**Task brief**
These entries must be printed again exactly as they are.

━━━━━ Records to process

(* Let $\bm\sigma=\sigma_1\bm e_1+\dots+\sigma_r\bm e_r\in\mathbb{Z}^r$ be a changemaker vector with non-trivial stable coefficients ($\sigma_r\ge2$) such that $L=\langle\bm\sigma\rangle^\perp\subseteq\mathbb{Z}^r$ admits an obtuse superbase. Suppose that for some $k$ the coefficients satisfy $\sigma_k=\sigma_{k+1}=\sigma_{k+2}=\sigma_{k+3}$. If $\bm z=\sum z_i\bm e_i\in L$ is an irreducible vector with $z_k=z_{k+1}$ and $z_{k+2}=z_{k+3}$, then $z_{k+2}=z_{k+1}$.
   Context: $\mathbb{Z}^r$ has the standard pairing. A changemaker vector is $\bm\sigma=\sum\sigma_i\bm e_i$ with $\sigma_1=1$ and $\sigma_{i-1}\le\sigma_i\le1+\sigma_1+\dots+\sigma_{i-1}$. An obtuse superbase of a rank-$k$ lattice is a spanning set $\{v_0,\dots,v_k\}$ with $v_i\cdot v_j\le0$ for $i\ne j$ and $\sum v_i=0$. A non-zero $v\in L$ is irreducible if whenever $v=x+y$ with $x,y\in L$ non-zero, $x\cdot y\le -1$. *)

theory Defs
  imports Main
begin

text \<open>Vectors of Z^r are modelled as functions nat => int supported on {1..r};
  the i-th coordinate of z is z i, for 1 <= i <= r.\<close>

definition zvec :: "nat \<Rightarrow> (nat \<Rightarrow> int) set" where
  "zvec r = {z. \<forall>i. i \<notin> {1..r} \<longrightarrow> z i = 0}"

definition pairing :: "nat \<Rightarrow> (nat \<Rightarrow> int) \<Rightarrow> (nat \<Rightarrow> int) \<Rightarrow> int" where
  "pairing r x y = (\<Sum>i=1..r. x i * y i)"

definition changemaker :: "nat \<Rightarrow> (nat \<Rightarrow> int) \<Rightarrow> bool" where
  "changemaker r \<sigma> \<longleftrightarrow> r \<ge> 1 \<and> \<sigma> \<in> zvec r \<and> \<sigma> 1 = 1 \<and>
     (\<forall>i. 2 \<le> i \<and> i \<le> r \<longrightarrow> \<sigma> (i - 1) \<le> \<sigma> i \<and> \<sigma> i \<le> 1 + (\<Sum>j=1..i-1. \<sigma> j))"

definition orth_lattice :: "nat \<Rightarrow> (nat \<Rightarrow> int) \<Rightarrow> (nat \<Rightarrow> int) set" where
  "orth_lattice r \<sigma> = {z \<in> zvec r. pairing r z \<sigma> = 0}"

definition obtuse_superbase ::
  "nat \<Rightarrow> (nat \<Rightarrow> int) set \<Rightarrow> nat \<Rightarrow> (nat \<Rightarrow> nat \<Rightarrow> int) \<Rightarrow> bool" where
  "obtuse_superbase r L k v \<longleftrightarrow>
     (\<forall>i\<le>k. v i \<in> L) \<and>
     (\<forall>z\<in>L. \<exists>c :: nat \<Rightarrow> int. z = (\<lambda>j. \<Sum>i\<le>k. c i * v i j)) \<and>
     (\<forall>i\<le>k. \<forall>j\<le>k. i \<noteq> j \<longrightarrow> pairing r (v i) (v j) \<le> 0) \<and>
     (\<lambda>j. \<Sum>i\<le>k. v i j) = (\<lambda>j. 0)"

━━━━━━━━━━

**Reply**
(* Let $\bm\sigma=\sigma_1\bm e_1+\dots+\sigma_r\bm e_r\in\mathbb{Z}^r$ be a changemaker vector with non-trivial stable coefficients ($\sigma_r\ge2$) such that $L=\langle\bm\sigma\rangle^\perp\subseteq\mathbb{Z}^r$ admits an obtuse superbase. Suppose that for some $k$ the coefficients satisfy $\sigma_k=\sigma_{k+1}=\sigma_{k+2}=\sigma_{k+3}$. If $\bm z=\sum z_i\bm e_i\in L$ is an irreducible vector with $z_k=z_{k+1}$ and $z_{k+2}=z_{k+3}$, then $z_{k+2}=z_{k+1}$.
   Context: $\mathbb{Z}^r$ has the standard pairing. A changemaker vector is $\bm\sigma=\sum\sigma_i\bm e_i$ with $\sigma_1=1$ and $\sigma_{i-1}\le\sigma_i\le1+\sigma_1+\dots+\sigma_{i-1}$. An obtuse superbase of a rank-$k$ lattice is a spanning set $\{v_0,\dots,v_k\}$ with $v_i\cdot v_j\le0$ for $i\ne j$ and $\sum v_i=0$. A non-zero $v\in L$ is irreducible if whenever $v=x+y$ with $x,y\in L$ non-zero, $x\cdot y\le -1$. *)

theory Defs
  imports Main
begin

text \<open>Vectors of Z^r are modelled as functions nat => int supported on {1..r};
  the i-th coordinate of z is z i, for 1 <= i <= r.\<close>

definition zvec :: "nat \<Rightarrow> (nat \<Rightarrow> int) set" where
  "zvec r = {z. \<forall>i. i \<notin> {1..r} \<longrightarrow> z i = 0}"

definition pairing :: "nat \<Rightarrow> (nat \<Rightarrow> int) \<Rightarrow> (nat \<Rightarrow> int) \<Rightarrow> int" where
  "pairing r x y = (\<Sum>i=1..r. x i * y i)"

definition changemaker :: "nat \<Rightarrow> (nat \<Rightarrow> int) \<Rightarrow> bool" where
  "changemaker r \<sigma> \<longleftrightarrow> r \<ge> 1 \<and> \<sigma> \<in> zvec r \<and> \<sigma> 1 = 1 \<and>
     (\<forall>i. 2 \<le> i \<and> i \<le> r \<longrightarrow> \<sigma> (i - 1) \<le> \<sigma> i \<and> \<sigma> i \<le> 1 + (\<Sum>j=1..i-1. \<sigma> j))"

definition orth_lattice :: "nat \<Rightarrow> (nat \<Rightarrow> int) \<Rightarrow> (nat \<Rightarrow> int) set" where
  "orth_lattice r \<sigma> = {z \<in> zvec r. pairing r z \<sigma> = 0}"

definition obtuse_superbase ::
  "nat \<Rightarrow> (nat \<Rightarrow> int) set \<Rightarrow> nat \<Rightarrow> (nat \<Rightarrow> nat \<Rightarrow> int) \<Rightarrow> bool" where
  "obtuse_superbase r L k v \<longleftrightarrow>
     (\<forall>i\<le>k. v i \<in> L) \<and>
     (\<forall>z\<in>L. \<exists>c :: nat \<Rightarrow> int. z = (\<lambda>j. \<Sum>i\<le>k. c i * v i j)) \<and>
     (\<forall>i\<le>k. \<forall>j\<le>k. i \<noteq> j \<longrightarrow> pairing r (v i) (v j) \<le> 0) \<and>
     (\<lambda>j. \<Sum>i\<le>k. v i j) = (\<lambda>j. 0)"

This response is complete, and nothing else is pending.